South Korea Grants Approval for Online Betting in Horse Racing Revolution

The National Assembly has passed an amendment on May 25 which now allows individuals aged 21 and above to participate in online horse racing betting. To ensure responsible gambling practices, the legislation incorporates various measures such as mandatory in-person registration at a racecourse for opening an online betting account and a reduction in the number of physical wagering stations. Additional restrictions have been set in place, including capping individual race bets at 50,000 won ($38), with a maximum of five races per meet. The government is also considering implementing further limitations on overall ticket volume to maintain a balanced gambling environment. The legalisation of online betting for horse racing has been a topic of discussion in South Korea for years, but it was only after the devastating impact of the coronavirus pandemic on Korea’s horseracing sector that the government reconsidered its stance.

The Korean Racing Association (KRA) is experiencing unprecedented losses of 12.6 trillion won ($9.5 billion) due to pandemic-related disruptions. This has negatively impacted breeders, support services, employees, and tax revenue. To revive the industry, online betting is now being legalized, which will be implemented in a pilot scheme starting in the second half of 2021 and expected to be fully implemented by the latter half of 2024.

Yoon Jae-gap, a Democratic Party of Korea lawmaker who supported the bill, believes the new system will help the domestic horseracing industry and horse breeding farms recover from the effects of COVID-19. The government is committed to providing legal and institutional support to achieve this goal.

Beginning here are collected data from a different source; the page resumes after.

lemma load_le_total_mass:
  assumes "consumption_profile N mu s" "finite N"
  shows "load N s m \<le> (\<Sum>R\<in>nonempty_subsets N. mu R)"
  unfolding load_def using consumption_profile_le_mass[OF assms] by (intro sum_mono) simp

text \<open>\<open>consumption_profile\<close> constrains \<open>s R\<close> only for nonempty \<open>R \<subseteq> N\<close>; fixing \<open>s R = 0\<close>
  for all other \<open>R\<close> makes the set of profiles compact.\<close>

definition feasible_profiles :: "nat set \<Rightarrow> (nat set \<Rightarrow> real) \<Rightarrow> (nat set \<Rightarrow> nat \<Rightarrow> real) set" where
  "feasible_profiles N mu = {s. consumption_profile N mu s \<and>
      (\<forall>R. R \<notin> nonempty_subsets N \<longrightarrow> (\<forall>j. s R j = 0))}"

lemma closed_Collect_const_imp: "closed {x. Q x} \<Longrightarrow> closed {x. P \<longrightarrow> Q x}"
  by (cases P) simp_all

lemma closed_feasible_profiles: "closed (feasible_profiles N mu)"
proof -
  have coord: "continuous_on UNIV (\<lambda>s::nat set \<Rightarrow> nat \<Rightarrow> real. s R j)" for R j
    by (rule continuous_on_coordinate2)
  have "feasible_profiles N mu = {s. \<forall>R.
      (R \<in> nonempty_subsets N \<longrightarrow> (\<forall>j. 0 \<le> s R j) \<and> (\<forall>j. j \<notin> R \<longrightarrow> s R j = 0) \<and> sum (s R) R = mu R) \<and>
      (R \<notin> nonempty_subsets N \<longrightarrow> (\<forall>j. s R j = 0))}"
    unfolding feasible_profiles_def consumption_profile_def all_conj_distrib by simp
  also have "closed \<dots>"
  proof (rule closed_Collect_all, rule closed_Collect_conj; rule closed_Collect_const_imp)
    fix R
    show "closed {s. (\<forall>j. 0 \<le> s R j) \<and> (\<forall>j. j \<notin> R \<longrightarrow> s R j = 0) \<and> sum (s R) R = mu R}"
      by (intro closed_Collect_conj closed_Collect_all closed_Collect_const_imp closed_Collect_le
          closed_Collect_eq continuous_on_sum coord continuous_on_const)
    show "closed {s::nat set \<Rightarrow> nat \<Rightarrow> real. \<forall>j. s R j = 0}"
      by (intro closed_Collect_all closed_Collect_eq coord continuous_on_const)
  qed
  finally show ?thesis .
qed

People Power Party lawmaker Chung Woon-chun expressed his satisfaction with the passage of the bill, which aims to protect horseracing and horse industry workers from disasters like COVID-19 and guarantee their rights and interests. He also highlighted the potential for industry development and its positive fiscal impact, with funds for industry development contributing to the breeding industry’s growth and stabilizing taxes like special tax for rural areas and leisure tax.

The amendments to the law had received approval from a legislative review subcommittee in February, making last week’s passage almost certain. This legislative progress signifies a significant step forward in the implementation of the new system, bringing much-needed support and hope to the struggling horseracing industry in South Korea.

Democratic Party of Korea lawmaker Yoon Jae-gap, a proponent of the bill, emphasized that the new system will provide an opportunity for horse breeding farms and the domestic horseracing industry to normalize and grow after being severely damaged by COVID-19. He also declared a commitment to provide legal and institutional support to the industry.